> _WHAT THE TASK ASKS_
When a line below holds the string "blast", show that line.

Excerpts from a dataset
════
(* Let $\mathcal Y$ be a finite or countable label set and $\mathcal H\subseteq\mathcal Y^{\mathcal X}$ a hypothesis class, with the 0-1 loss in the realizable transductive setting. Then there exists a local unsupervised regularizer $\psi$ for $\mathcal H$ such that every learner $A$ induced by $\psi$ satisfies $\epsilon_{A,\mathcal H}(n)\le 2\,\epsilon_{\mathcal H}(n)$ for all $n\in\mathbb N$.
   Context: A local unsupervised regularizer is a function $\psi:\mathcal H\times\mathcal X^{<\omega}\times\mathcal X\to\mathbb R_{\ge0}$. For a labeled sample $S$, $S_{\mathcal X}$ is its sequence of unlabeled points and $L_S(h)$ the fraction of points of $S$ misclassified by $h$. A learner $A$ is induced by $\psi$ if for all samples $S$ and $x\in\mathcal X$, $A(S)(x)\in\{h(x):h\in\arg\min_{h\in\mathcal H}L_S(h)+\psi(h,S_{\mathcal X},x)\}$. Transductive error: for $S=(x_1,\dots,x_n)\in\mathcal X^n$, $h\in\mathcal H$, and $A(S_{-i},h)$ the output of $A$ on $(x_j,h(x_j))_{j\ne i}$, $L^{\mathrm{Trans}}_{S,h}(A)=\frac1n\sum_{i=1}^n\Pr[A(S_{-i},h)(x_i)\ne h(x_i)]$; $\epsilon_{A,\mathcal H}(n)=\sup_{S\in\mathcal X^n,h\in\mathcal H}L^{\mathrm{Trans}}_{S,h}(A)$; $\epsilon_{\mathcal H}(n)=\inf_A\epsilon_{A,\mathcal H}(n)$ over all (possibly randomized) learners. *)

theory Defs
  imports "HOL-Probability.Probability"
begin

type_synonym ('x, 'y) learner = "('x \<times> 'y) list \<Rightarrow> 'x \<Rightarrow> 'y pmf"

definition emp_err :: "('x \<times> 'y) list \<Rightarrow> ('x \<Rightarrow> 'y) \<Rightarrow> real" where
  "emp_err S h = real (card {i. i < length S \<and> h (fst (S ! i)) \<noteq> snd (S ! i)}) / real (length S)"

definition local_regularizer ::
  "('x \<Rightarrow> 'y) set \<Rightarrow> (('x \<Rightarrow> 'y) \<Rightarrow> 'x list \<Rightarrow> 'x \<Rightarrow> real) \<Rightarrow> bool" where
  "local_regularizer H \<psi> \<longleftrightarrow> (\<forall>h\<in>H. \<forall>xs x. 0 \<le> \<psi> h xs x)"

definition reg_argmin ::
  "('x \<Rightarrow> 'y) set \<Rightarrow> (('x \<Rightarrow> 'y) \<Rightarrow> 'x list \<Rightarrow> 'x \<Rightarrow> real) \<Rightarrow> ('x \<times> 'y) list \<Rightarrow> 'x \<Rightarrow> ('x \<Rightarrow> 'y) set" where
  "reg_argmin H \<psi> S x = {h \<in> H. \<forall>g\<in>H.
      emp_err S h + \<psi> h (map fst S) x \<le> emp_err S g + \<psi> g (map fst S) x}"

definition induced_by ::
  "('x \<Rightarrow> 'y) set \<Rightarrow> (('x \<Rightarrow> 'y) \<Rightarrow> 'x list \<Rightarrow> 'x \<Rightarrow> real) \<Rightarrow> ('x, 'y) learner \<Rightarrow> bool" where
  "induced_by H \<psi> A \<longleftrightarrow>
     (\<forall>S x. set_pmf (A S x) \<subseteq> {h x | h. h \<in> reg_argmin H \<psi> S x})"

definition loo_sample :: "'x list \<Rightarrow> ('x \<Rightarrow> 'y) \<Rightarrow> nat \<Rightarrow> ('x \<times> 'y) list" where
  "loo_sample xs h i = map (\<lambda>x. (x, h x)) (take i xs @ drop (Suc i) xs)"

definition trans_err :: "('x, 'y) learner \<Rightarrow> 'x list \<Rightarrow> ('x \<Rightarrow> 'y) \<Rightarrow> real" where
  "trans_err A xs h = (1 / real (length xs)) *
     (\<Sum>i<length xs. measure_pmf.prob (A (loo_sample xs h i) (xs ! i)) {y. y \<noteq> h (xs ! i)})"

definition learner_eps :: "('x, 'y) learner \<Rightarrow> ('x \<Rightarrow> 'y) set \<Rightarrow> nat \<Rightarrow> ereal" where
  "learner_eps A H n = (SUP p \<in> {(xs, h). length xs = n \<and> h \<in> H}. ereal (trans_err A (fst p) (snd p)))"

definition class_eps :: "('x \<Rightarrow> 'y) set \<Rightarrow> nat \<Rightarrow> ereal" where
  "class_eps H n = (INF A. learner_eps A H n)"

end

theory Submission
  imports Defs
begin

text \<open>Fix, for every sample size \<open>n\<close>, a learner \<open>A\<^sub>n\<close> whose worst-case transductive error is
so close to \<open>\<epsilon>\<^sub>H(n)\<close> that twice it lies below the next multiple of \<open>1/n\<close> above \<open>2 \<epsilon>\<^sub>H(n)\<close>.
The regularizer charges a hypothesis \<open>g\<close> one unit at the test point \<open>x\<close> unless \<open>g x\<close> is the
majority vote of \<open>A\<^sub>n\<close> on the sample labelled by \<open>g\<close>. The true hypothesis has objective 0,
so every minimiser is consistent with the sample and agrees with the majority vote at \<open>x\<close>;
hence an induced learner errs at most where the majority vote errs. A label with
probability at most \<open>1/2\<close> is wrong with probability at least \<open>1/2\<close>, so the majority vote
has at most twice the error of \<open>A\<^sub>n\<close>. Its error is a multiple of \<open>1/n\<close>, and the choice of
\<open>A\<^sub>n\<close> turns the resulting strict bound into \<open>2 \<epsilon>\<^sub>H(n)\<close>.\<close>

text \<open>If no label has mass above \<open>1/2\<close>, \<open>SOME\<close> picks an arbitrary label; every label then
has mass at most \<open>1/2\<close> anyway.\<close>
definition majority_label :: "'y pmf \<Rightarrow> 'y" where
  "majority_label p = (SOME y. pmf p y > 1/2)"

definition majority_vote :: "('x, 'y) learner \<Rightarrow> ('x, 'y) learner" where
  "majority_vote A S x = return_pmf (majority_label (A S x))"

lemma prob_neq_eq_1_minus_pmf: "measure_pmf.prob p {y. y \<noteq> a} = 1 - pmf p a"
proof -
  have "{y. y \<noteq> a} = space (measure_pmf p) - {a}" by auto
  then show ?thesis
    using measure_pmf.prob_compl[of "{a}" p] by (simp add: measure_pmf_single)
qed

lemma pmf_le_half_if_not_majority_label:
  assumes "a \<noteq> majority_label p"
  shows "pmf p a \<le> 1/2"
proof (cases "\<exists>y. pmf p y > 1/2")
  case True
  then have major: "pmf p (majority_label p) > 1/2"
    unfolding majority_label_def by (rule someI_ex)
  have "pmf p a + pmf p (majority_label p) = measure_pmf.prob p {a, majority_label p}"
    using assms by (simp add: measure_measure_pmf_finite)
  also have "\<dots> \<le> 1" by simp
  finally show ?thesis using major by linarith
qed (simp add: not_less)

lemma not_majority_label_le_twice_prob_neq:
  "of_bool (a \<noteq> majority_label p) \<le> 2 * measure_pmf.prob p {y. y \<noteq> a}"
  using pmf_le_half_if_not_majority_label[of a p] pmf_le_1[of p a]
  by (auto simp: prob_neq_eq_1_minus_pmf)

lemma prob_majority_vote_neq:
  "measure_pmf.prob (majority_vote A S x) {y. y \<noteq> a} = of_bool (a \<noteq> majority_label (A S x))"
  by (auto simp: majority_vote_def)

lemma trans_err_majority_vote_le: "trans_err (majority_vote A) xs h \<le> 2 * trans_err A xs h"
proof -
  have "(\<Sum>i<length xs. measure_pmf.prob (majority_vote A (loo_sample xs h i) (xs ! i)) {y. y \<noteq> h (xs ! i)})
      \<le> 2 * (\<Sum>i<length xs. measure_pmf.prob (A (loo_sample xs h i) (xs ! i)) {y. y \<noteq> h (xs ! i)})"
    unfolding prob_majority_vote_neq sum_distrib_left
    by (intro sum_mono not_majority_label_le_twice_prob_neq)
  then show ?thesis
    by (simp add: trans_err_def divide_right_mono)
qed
════
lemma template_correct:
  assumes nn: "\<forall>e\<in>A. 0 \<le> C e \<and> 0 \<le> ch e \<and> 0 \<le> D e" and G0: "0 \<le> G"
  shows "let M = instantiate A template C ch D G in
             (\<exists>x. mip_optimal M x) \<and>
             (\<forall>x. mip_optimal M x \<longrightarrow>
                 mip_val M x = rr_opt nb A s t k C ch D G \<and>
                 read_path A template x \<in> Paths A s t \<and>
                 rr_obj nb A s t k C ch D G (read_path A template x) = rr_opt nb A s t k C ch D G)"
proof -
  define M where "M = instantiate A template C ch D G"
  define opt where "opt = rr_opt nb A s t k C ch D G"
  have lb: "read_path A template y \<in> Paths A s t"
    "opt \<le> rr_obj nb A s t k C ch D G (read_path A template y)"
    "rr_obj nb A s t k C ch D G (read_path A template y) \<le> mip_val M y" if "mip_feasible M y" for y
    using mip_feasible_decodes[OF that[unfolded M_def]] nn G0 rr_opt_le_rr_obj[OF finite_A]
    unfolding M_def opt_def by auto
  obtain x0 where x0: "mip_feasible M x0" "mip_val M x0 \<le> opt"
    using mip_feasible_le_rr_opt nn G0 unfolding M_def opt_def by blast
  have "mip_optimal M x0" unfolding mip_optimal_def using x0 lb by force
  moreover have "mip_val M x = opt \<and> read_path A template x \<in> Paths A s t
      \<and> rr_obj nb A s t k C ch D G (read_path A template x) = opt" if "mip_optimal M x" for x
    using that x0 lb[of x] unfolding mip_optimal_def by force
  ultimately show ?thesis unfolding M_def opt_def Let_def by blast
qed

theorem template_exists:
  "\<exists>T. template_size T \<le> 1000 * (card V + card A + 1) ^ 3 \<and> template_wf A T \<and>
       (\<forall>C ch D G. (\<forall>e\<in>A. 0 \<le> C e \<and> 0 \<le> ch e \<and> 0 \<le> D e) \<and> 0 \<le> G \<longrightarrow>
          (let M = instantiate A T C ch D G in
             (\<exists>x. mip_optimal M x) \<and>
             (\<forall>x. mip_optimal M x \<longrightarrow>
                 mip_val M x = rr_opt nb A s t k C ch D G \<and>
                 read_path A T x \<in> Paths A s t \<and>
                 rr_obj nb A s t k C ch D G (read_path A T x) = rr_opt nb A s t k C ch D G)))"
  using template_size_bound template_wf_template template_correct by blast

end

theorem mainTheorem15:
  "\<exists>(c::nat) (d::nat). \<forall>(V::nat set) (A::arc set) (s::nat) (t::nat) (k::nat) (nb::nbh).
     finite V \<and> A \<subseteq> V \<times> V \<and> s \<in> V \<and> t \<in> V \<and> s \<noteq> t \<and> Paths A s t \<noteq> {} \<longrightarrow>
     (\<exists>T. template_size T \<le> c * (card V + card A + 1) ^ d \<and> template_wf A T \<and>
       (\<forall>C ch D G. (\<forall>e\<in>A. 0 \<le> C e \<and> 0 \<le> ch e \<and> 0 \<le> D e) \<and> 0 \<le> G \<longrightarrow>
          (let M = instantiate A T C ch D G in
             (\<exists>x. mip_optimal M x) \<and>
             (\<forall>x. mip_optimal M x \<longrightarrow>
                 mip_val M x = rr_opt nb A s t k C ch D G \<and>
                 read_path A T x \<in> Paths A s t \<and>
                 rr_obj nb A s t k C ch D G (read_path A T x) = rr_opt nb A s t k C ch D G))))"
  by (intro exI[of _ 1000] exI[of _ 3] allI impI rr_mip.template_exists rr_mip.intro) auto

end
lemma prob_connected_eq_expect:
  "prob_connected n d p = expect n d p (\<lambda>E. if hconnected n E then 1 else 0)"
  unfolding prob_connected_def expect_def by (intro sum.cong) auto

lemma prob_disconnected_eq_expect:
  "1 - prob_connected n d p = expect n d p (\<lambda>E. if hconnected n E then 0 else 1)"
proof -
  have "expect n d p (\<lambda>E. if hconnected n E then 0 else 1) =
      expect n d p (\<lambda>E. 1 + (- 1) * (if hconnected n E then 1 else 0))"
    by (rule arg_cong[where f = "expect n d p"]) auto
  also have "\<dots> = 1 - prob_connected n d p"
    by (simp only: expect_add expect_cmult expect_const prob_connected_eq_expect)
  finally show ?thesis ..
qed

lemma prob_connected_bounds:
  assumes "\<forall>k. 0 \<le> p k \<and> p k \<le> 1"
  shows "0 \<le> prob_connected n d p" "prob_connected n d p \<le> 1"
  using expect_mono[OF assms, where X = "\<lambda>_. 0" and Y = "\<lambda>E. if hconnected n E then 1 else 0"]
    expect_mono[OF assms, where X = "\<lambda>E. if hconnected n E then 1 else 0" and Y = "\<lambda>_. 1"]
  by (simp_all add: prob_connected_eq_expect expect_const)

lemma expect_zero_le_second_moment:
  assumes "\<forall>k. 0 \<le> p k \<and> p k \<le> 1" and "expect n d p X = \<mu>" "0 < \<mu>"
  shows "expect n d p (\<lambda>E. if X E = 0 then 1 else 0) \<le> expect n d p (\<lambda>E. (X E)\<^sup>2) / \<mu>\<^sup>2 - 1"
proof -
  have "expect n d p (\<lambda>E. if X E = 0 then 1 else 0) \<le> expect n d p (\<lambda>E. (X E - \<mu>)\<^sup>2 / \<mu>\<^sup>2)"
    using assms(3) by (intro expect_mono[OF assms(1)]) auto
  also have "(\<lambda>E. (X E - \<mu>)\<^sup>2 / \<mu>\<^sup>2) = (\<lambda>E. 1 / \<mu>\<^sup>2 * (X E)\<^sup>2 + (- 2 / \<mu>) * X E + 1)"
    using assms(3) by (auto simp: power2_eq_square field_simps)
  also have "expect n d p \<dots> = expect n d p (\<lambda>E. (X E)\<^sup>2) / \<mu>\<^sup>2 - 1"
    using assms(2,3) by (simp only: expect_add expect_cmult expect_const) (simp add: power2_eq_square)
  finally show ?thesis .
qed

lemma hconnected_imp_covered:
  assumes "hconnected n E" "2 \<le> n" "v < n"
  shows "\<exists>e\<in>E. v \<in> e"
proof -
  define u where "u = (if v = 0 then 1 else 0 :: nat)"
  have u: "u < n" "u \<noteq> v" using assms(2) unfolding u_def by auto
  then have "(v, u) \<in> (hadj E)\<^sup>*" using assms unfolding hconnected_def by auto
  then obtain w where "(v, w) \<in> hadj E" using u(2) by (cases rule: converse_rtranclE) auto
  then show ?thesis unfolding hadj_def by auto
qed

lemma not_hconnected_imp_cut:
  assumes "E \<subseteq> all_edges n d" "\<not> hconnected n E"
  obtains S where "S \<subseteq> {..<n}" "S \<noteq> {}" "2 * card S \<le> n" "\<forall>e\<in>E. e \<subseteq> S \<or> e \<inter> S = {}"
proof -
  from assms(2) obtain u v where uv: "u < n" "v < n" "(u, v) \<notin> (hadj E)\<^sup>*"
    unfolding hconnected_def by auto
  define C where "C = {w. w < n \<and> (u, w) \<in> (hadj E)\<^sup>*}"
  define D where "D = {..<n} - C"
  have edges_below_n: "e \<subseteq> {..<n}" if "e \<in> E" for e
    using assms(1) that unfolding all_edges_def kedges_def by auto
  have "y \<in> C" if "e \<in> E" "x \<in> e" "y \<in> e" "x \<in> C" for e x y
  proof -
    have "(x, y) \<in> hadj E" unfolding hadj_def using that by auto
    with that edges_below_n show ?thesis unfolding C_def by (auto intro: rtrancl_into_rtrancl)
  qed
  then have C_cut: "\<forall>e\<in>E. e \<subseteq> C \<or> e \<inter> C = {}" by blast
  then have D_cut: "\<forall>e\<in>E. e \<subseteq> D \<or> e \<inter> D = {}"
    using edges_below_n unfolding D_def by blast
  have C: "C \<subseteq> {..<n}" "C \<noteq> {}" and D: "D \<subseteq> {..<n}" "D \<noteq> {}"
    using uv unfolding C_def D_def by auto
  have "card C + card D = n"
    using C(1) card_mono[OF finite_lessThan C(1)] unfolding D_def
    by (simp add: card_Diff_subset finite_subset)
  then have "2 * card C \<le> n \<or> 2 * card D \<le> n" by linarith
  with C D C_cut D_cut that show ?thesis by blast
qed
════
> _ANSWER TO THE EXERCISE_
    using mip_feasible_le_rr_opt nn G0 unfolding M_def opt_def by blast
  ultimately show ?thesis unfolding M_def opt_def Let_def by blast
  using template_size_bound template_wf_template template_correct by blast
  then have C_cut: "\<forall>e\<in>E. e \<subseteq> C \<or> e \<inter> C = {}" by blast
    using edges_below_n unfolding D_def by blast
  with C D C_cut D_cut that show ?thesis by blast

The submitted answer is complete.